How did this alliteration madness get started?
Slowly, like a four-corner offense.
In 1939, Henry Van Arsdale Porter was the editor of the Illinois High School Association’s in-house magazine. As the state championship basketball tournament began that year, Porter wrote an essay entitled March Madness. It’s an homage to the high school basketball fan that begins in an excited stage of rhetoric:
There are millions of him. He exists through summer and fall, shows signs of animation through the winter and lives to the utmost during March when a hundred thousand pairs of rubber soled shoes slap the hardwood in a whirlwind of stops and pivots and dashes on the trail to the state basketball championships.
And it climbs upward from there, to death-defying heights:
The thud of the ball on the floor, the slap of hands on leather, the swish of the net are music in his ears. He is a connoisseur in matters pertaining to team coordination and artistry in action.

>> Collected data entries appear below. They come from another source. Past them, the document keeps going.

lemma kapply_scale: "kapply a (fun_scale c g) = fun_scale c (kapply a g)"
  by (simp add: kapply_def fun_scale_def fun_eq_iff sum_distrib_left mult.left_commute)

end

context tensor_words
begin

definition local_index :: "'i set \<Rightarrow> ('i \<Rightarrow> nat) \<Rightarrow> nat" where
  "local_index J = (SOME h. bij_betw h (local_words J) {0..<card (local_words J)})"

definition local_word :: "'i set \<Rightarrow> nat \<Rightarrow> ('i \<Rightarrow> nat)" where
  "local_word J = inv_into (local_words J) (local_index J)"

lemma bij_betw_local_index:
  assumes "finite J"
  shows "bij_betw (local_index J) (local_words J) {0..<card (local_words J)}"
  unfolding local_index_def
  using someI_ex[OF ex_bij_betw_finite_nat[OF finite_local_words[OF assms]]] .

lemma local_index_less: "finite J \<Longrightarrow> x \<in> local_words J \<Longrightarrow> local_index J x < card (local_words J)"
  using bij_betwE[OF bij_betw_local_index] by fastforce

lemma local_word_in: "finite J \<Longrightarrow> k < card (local_words J) \<Longrightarrow> local_word J k \<in> local_words J"
  unfolding local_word_def using bij_betwE[OF bij_betw_inv_into[OF bij_betw_local_index]] by fastforce

lemma local_index_local_word: "finite J \<Longrightarrow> k < card (local_words J) \<Longrightarrow> local_index J (local_word J k) = k"
  unfolding local_word_def by (simp add: bij_betw_inv_into_right[OF bij_betw_local_index])

lemma local_word_local_index: "finite J \<Longrightarrow> x \<in> local_words J \<Longrightarrow> local_word J (local_index J x) = x"
  unfolding local_word_def by (rule bij_betw_inv_into_left[OF bij_betw_local_index])

lemma local_index_restrict_eq_iff:
  assumes "finite J" "w \<in> words" "v \<in> words"
  shows "local_index J (restrict w J) = local_index J (restrict v J) \<longleftrightarrow> (\<forall>i\<in>J. w i = v i)"
proof -
  have "inj_on (local_index J) (local_words J)"
    using bij_betw_local_index[OF assms(1)] by (simp add: bij_betw_def)
  then have "local_index J (restrict w J) = local_index J (restrict v J) \<longleftrightarrow> restrict w J = restrict v J"
    by (rule inj_on_eq_iff) (simp_all add: restrict_in_local_words assms)
  also have "\<dots> \<longleftrightarrow> (\<forall>i\<in>J. w i = v i)"
    by (metis restrict_apply' restrict_ext)
  finally show ?thesis .
qed

lemma bij_betw_local_index_fibre:
  "finite J \<Longrightarrow> w \<in> words \<Longrightarrow>
     bij_betw (\<lambda>v. local_index J (restrict v J)) (fibre J w) {0..<card (local_words J)}"
  using bij_betw_trans[OF bij_betw_restrict_fibre bij_betw_local_index] by (simp add: comp_def)

definition zero_extension :: "'i set \<Rightarrow> ('i \<Rightarrow> nat) \<Rightarrow> ('i \<Rightarrow> nat)" where
  "zero_extension J x = override_on (\<lambda>_. 0) x J"

lemma zero_extension_in_words: "finite J \<Longrightarrow> x \<in> local_words J \<Longrightarrow> zero_extension J x \<in> words"
  unfolding zero_extension_def by (rule override_on_in_words) (auto simp: zero_in_words local_words_def)

lemma restrict_zero_extension: "x \<in> local_words J \<Longrightarrow> restrict (zero_extension J x) J = x"
  by (auto simp: zero_extension_def fun_eq_iff local_words_def PiE_def extensional_def)

lemma agree_off_zero_extension: "agree_off J (zero_extension J x) (zero_extension J y)"
  by (simp add: agree_off_def zero_extension_def)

The shifting zone, the screen and the spot pass are an open book to him. ….His lack of inhibitions adds a spontaneity that colors the tournaments. Without darkness there would be no light. A little March madness may complement and contribute to sanity and help keep society on an even keel.

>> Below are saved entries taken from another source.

lemma abs_exp_minus_exp_poly_le:
  fixes x :: real
  assumes "0 \<le> x" "x \<le> 1/2"
  shows "\<bar>exp (-x) - exp_poly m (-x)\<bar> \<le> 2 * x ^ (m + 1) / fact (m + 1)"
proof -
  define f where "f = (\<lambda>i. (-x) ^ i / fact i :: real)"
  define c where "c = x ^ (m + 1) / fact (m + 1)"
  have "f sums exp (-x)"
    using exp_converges[of "-x"] by (simp add: f_def divide_inverse mult.commute)
  then have tail: "(\<lambda>i. f (i + Suc m)) sums (exp (-x) - exp_poly m (-x))"
    using sums_iff_shift'[of f "Suc m"] by (simp add: f_def exp_poly_def lessThan_Suc_atMost)
  have geometric: "(\<lambda>i. c * x ^ i) sums (c * (1 / (1 - x)))"
    using assms by (intro sums_mult geometric_sums) simp
  have "\<bar>f (i + Suc m)\<bar> \<le> c * x ^ i" for i
  proof -
    have "\<bar>f (i + Suc m)\<bar> = x ^ (i + Suc m) / fact (i + Suc m)"
      using assms by (simp add: f_def power_abs abs_mult)
    also have "\<dots> \<le> x ^ (i + Suc m) / fact (Suc m)"
      using assms by (intro divide_left_mono fact_mono) auto
    also have "\<dots> = c * x ^ i"
      by (simp add: c_def power_add field_simps)
    finally show ?thesis .
  qed
  then have "exp (-x) - exp_poly m (-x) \<le> c * (1 / (1 - x))"
    and "-(exp (-x) - exp_poly m (-x)) \<le> c * (1 / (1 - x))"
    by (intro sums_le[OF _ tail geometric] sums_le[OF _ sums_minus[OF tail] geometric];
        simp add: abs_le_iff)+
  then have "\<bar>exp (-x) - exp_poly m (-x)\<bar> \<le> c * (1 / (1 - x))"
    by linarith
  also have "\<dots> \<le> c * 2"
    using assms by (intro mult_left_mono) (auto simp: c_def field_simps)
  finally show ?thesis
    by (simp add: c_def mult_ac)
qed
lemma cond_moment_Ones_identifies:
  assumes "p \<ge> 2" and "sets \<nu> = sets borel"
    and "AE z in \<nu>. fst (snd (fst z)) = snd (snd (fst z))"
    and "\<forall>s. measure \<nu> (sign_region s \<times> UNIV) > 0"
    and "\<forall>s. set_integrable \<nu> (sign_region s \<times> UNIV) (cond_moment p \<beta>0 \<gamma>0 Ones \<beta> \<gamma>)"
  shows "(\<forall>s. cond_exp \<nu> (sign_region s \<times> UNIV) (cond_moment p \<beta>0 \<gamma>0 Ones \<beta> \<gamma>) = 0)
    \<longleftrightarrow> \<beta> = \<beta>0 \<and> \<gamma> 1 = \<gamma>0 1"
proof -
  have "(\<forall>s. cond_exp \<nu> (sign_region s \<times> UNIV) (cond_moment p \<beta>0 \<gamma>0 Ones \<beta> \<gamma>) = 0)
    \<longleftrightarrow> \<beta>0 - \<beta> = 0 \<and> \<gamma> 1 = \<gamma>0 1"
    by (rule cond_exp_sign_regions_eq_0_iff[
          where K = "\<lambda>x1 x2 a. logit_prob (x1 \<bullet> \<beta>0 + a + sum \<gamma>0 {1..p}) False
                    * logit_prob (x2 \<bullet> \<beta>0 + a + sum \<gamma>0 {2..p}) False
                    * logit_prob (x2 \<bullet> \<beta>0 + a + sum \<gamma>0 {1..p}) True"
            and al = "\<lambda>_ _ _. 1" and w = "\<lambda>x1 x2 a. exp (x2 \<bullet> \<beta>0 + a + sum \<gamma>0 {2..p})"])
      (use assms in \<open>simp_all add: cond_moment_Ones logit_prob_pos\<close>)
  then show ?thesis by auto
qed

lemma cond_moment_ZeroOnes_identifies:
  assumes "p \<ge> 2" and "prob_space \<nu>" and "sets \<nu> = sets borel"
    and "AE z in \<nu>. fst (snd (fst z)) = snd (snd (fst z))"
    and "integrable \<nu> (cond_moment p \<beta>0 \<gamma>0 ZeroOnes \<beta>0 (\<gamma>(1 := \<gamma>0 1)))"
  shows "cond_exp \<nu> UNIV (cond_moment p \<beta>0 \<gamma>0 ZeroOnes \<beta>0 (\<gamma>(1 := \<gamma>0 1))) = 0
    \<longleftrightarrow> \<gamma> p = \<gamma>0 p"
proof -
  have "cond_exp \<nu> UNIV (cond_moment p \<beta>0 \<gamma>0 ZeroOnes \<beta>0 (\<gamma>(1 := \<gamma>0 1))) = 0
    \<longleftrightarrow> exp (\<gamma> p - \<gamma>0 p) - 1 = 0"
    by (rule cond_exp_UNIV_eq_0_iff[OF assms(2-5),
          where K = "\<lambda>x1 x2 a. logit_prob (x1 \<bullet> \<beta>0 + a + sum \<gamma>0 {1..p} - \<gamma>0 p) False
                    * logit_prob (x2 \<bullet> \<beta>0 + a + sum \<gamma>0 {2..p}) True"])
      \<comment> \<open>without \<open>del: One_nat_def\<close> the update \<open>\<gamma>(1 := _)\<close> becomes \<open>\<gamma>(Suc 0 := _)\<close>
          and no longer matches the closed form\<close>
      (use assms in \<open>simp_all add: cond_moment_ZeroOnes logit_prob_pos del: One_nat_def\<close>)
  then show ?thesis by simp
qed

lemma cond_moment_OneZeros_identifies:
  assumes "p \<ge> 2" and "prob_space \<nu>" and "sets \<nu> = sets borel"
    and "AE z in \<nu>. fst (snd (fst z)) = snd (snd (fst z))"
    and "integrable \<nu> (cond_moment p \<beta>0 \<gamma>0 OneZeros \<beta>0 (\<gamma>(1 := \<gamma>0 1)))"
  shows "cond_exp \<nu> UNIV (cond_moment p \<beta>0 \<gamma>0 OneZeros \<beta>0 (\<gamma>(1 := \<gamma>0 1))) = 0
    \<longleftrightarrow> \<gamma> p = \<gamma>0 p"
proof -
  have "cond_exp \<nu> UNIV (cond_moment p \<beta>0 \<gamma>0 OneZeros \<beta>0 (\<gamma>(1 := \<gamma>0 1))) = 0
    \<longleftrightarrow> exp (\<gamma> p - \<gamma>0 p) - 1 = 0"
    by (rule cond_exp_UNIV_eq_0_iff[OF assms(2-5),
          where K = "\<lambda>x1 x2 a. logit_prob (x1 \<bullet> \<beta>0 + a + \<gamma>0 p) True
                    * logit_prob (x2 \<bullet> \<beta>0 + a + \<gamma>0 1) False"])
      (use assms in \<open>simp_all add: cond_moment_OneZeros logit_prob_pos del: One_nat_def\<close>)
  then show ?thesis by simp
qed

“Madness” was not yet capitalized, but it soon would be. The phrase caught on with sports reporters, and it became associated with Illinois high school basketball over four decades.

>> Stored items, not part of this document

lemma nth_le_iff_less_count_le:
  assumes sorted: "sorted_wrt (<) x" and i: "i < length x"
  shows "x ! i \<le> c \<longleftrightarrow> i < count_le x c"
proof -
  have count: "count_le x c = card {j. j < length x \<and> x ! j \<le> c}"
    unfolding count_le_def by (rule length_filter_conv_card)
  have mono: "x ! j \<le> x ! k" if "j \<le> k" "k < length x" for j k
    using sorted that by (metis le_less sorted_wrt_iff_nth_less)
  show ?thesis
  proof
    assume "x ! i \<le> c"
    then have "{0..i} \<subseteq> {j. j < length x \<and> x ! j \<le> c}"
      using i mono by fastforce
    then have "card {0..i} \<le> count_le x c" unfolding count by (rule card_mono[rotated]) simp
    then show "i < count_le x c" by simp
  next
    assume less: "i < count_le x c"
    show "x ! i \<le> c"
    proof (rule ccontr)
      assume "\<not> x ! i \<le> c"
      then have "{j. j < length x \<and> x ! j \<le> c} \<subseteq> {0..<i}"
        using mono by (fastforce simp: not_le)
      then have "count_le x c \<le> i"
        unfolding count by (metis card_atLeastLessThan card_mono diff_zero finite_atLeastLessThan)
      with less show False by simp
    qed
  qed
qed

lemma count_le_nth:
  assumes sorted: "sorted_wrt (<) x" and i: "i < length x"
  shows "count_le x (x ! i) = Suc i"
proof -
  have "i < count_le x (x ! i)" using nth_le_iff_less_count_le[OF sorted i, of "x ! i"] by simp
  moreover have "\<not> Suc i < count_le x (x ! i)" if "Suc i < length x"
  proof -
    have "x ! i < x ! Suc i" using sorted that by (simp add: sorted_wrt_iff_nth_less)
    then show ?thesis using nth_le_iff_less_count_le[OF sorted that, of "x ! i"] by simp
  qed
  ultimately show ?thesis using count_le_le_length[of x "x ! i"] i by fastforce
qed

lemma interlacings_disjoint:
  assumes sorted: "sorted_wrt (<) x" and y: "y \<in> interlacings x"
  shows "set x \<inter> set y = {}"
proof (rule ccontr)
  have len: "length y + 1 = length x" and between: "\<And>i. i < length y \<Longrightarrow> x ! i < y ! i \<and> y ! i < x ! Suc i"
    using y unfolding interlacings_def by auto
  have mono: "x ! j \<le> x ! k" if "j \<le> k" "k < length x" for j k
    using sorted that by (metis le_less sorted_wrt_iff_nth_less)
  assume "set x \<inter> set y \<noteq> {}"
  then obtain i j where i: "i < length x" and j: "j < length y" and eq: "x ! i = y ! j"
    by (metis disjoint_iff in_set_conv_nth)
  show False
  proof (cases "i \<le> j")
    case True
    then show False using mono[of i j] between[OF j] eq j len by simp
  next
    case False
    then show False using mono[of "Suc j" i] between[OF j] eq i by simp
  qed
qed
(* Let $\mathcal K$ be a finitely complete 2-category with a good yoneda structure. Let $C$ be small, $i:M\to\mathcal PC$ and $f:C\to A$ with $M$ and $f$ admissible. Then the colimit of $f$ weighted by $i$ exists iff there is an admissible 1-cell $\mathrm{col}(i,f):M\to A$ together with an isomorphism $A(\mathrm{col}(i,f),1)\cong\mathcal PC(i,A(f,1))$.
   Context: Given $f:A\to C$, $g:A\to B$, $h:B\to C$, a 2-cell $\phi:f\Rightarrow hg$ exhibits $g$ as a left lifting of $f$ along (through) $h$ if for every $k:A\to B$, $\kappa\mapsto(h\kappa)\cdot\phi$ is a bijection from 2-cells $g\Rightarrow k$ to 2-cells $f\Rightarrow hk$; it is absolute if $\phi j$ exhibits $gj$ as a left lifting of $fj$ along $h$ for all $j:D\to A$; $\phi$ exhibits $h$ as a left extension of $f$ along $g$ if for every $k:B\to C$, $\kappa\mapsto(\kappa g)\cdot\phi$ is a bijection from 2-cells $h\Rightarrow k$ to 2-cells $f\Rightarrow kg$; it is pointwise if for every $c:X\to B$, with lax pullback $p:g/c\to A$, $q:g/c\to X$, $\lambda:gp\Rightarrow cq$, $(h\lambda)\cdot(\phi p)$ exhibits $hc$ as a left extension of $fp$ along $q$. A good yoneda structure on a finitely complete 2-category: a class of admissible 1-cells with $fg$ admissible whenever $f$ is; an object $A$ is admissible when $1_A$ is; for admissible $A$ an object $\mathcal PA$ and admissible $y_A:A\to\mathcal PA$; for $f:A\to B$ with $A$, $f$ admissible a 1-cell $B(f,1):B\to\mathcal PA$ and 2-cell $\chi^f:y_A\Rightarrow B(f,1)f$; such that (i) $\chi^f$ exhibits $f$ as an absolute left lifting of $y_A$ through $B(f,1)$; (ii) if $A$, $f:A\to B$ admissible and $\psi:y_A\Rightarrow kf$ exhibits $f$ as an absolute left lifting of $y_A$ along $k$, then $\psi$ exhibits $k$ as a pointwise left extension of $y_A$ along $f$. $C$ is small if $C$ and $\mathcal PC$ are admissible. Notation: $B(f,x)$ means $B(f,1)x$; thus for admissible $i:M\to\mathcal PC$ (admissible here since $\mathcal PC$ is admissible), $\mathcal PC(i,A(f,1))=\mathcal PC(i,1)A(f,1):A\to\mathcal PM$. For $C$ small, $i:M\to\mathcal PC$, $f:C\to A$ with $M$, $f$ admissible, a colimit of $f$ weighted by $i$ is an admissible $\mathrm{col}(i,f):M\to A$ with a 2-cell $\eta:i\Rightarrow A(f,1)\mathrm{col}(i,f)$ exhibiting $\mathrm{col}(i,f)$ as an absolute left lifting of $i$ through $A(f,1)$. *)

theory Defs
  imports Main
begin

And then, in 1982, along comes CBS. Brent Musburger, who had become familiar with the phrase during his years as a sports anchor in Chicago, utters the words March Madness during CBS’s coverage of the NCAA tournament. He explained how it happened in a 2011 interview with Yahoo Sports:
I worked locally in Chicago, first as a writer for the Chicago Daily News and then as a broadcaster. First time I saw the term “March Madness,” it was print, in an ad for a car dealer. It was referring to the Illinois high school basketball tournament. When we got the rights to the NCAA tournament in 1982, it was something that seemed appropriate to say.
In the 1990s, the NCAA and the IHSA formed a joint holding company, the March Madness Athletic Association. Under this structure, the IHSA controls the name on the high-school level, and the NCAA has a perpetual license to use the phrase in connection with its collegiate tournament.
Sweet Sixteen is jointly owned by the NCAA and the Kentucky High School Athletic Association. The NCAA owns Elite Eight and Final Four outright.
If you would like to own a piece of basketball alliteration, these might be available: double dribble, buzzer beater, bracket buster. Midnight Madness, however, will bring the NCAA down on you. And Wizard of Westwood might be problematical.